_Task statement_
When the line containing "using assms(1) by" appears in the data below, begin copying there and stop only after the line containing "(\<lambda>t. x +".

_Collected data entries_
************

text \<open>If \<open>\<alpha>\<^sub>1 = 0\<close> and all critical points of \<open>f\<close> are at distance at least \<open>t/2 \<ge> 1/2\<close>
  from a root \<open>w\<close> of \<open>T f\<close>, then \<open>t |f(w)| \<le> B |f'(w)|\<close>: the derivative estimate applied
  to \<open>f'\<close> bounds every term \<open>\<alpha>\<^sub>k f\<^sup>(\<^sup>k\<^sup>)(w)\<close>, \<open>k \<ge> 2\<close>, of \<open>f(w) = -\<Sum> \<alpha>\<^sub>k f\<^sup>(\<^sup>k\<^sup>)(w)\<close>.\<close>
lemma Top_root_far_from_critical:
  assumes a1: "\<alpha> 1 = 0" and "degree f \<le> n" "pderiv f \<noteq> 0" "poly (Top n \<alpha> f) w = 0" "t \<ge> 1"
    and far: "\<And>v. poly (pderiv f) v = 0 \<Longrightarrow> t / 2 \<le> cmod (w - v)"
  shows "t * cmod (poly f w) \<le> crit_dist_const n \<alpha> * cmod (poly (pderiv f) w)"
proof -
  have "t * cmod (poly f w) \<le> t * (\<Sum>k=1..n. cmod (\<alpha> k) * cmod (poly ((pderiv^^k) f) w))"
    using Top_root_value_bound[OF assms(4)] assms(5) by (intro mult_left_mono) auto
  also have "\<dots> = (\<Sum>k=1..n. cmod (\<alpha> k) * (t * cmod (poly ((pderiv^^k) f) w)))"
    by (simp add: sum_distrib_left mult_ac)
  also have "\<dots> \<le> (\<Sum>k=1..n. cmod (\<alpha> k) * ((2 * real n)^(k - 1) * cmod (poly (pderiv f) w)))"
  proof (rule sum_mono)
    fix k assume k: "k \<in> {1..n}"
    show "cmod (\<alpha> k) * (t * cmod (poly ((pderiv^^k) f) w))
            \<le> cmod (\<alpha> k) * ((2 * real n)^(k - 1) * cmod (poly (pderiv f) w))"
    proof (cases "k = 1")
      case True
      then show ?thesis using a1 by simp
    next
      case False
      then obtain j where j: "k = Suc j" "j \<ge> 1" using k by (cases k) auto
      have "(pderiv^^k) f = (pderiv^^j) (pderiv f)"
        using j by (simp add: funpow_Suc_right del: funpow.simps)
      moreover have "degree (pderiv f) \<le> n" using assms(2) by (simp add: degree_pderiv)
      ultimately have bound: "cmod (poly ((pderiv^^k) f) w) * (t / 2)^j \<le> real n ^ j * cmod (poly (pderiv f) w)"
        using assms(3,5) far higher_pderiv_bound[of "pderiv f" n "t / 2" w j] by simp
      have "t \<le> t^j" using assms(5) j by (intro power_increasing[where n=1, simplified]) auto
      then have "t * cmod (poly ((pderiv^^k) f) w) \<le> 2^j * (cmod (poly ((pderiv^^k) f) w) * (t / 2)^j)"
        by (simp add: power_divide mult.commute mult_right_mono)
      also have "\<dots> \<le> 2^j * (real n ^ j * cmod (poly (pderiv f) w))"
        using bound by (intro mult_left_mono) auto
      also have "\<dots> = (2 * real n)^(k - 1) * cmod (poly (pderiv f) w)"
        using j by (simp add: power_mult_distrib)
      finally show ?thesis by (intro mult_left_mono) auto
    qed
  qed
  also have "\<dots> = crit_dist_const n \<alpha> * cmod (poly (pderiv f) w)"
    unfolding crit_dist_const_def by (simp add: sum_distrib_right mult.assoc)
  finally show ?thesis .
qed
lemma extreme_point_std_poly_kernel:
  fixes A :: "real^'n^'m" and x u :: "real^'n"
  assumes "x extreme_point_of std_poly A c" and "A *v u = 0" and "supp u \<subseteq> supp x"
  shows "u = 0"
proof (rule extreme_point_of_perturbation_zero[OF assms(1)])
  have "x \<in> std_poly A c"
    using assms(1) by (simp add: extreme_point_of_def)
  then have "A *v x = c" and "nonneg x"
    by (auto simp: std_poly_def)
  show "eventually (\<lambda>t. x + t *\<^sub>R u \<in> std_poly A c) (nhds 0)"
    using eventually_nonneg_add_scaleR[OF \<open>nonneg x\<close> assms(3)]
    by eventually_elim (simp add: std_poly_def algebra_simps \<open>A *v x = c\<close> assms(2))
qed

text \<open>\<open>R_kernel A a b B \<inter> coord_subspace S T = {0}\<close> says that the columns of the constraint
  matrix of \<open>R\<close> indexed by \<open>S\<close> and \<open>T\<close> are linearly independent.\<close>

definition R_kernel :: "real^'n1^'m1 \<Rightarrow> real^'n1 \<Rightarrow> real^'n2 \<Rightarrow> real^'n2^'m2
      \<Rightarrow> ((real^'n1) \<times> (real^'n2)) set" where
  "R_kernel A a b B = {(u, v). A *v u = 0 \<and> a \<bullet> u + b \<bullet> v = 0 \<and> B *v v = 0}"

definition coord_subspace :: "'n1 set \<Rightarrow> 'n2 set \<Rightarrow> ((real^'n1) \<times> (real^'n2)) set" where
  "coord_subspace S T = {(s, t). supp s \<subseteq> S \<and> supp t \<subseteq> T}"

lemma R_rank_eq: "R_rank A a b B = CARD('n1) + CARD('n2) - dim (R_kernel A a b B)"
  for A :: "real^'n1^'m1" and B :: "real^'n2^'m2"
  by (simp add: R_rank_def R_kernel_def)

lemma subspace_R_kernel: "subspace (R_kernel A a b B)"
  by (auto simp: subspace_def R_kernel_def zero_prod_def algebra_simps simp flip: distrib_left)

************

_Task output_
    using assms(1) by (simp add: extreme_point_of_def)
  then have "A *v x = c" and "nonneg x"
    by (auto simp: std_poly_def)
  show "eventually (\<lambda>t. x + t *\<^sub>R u \<in> std_poly A c) (nhds 0)"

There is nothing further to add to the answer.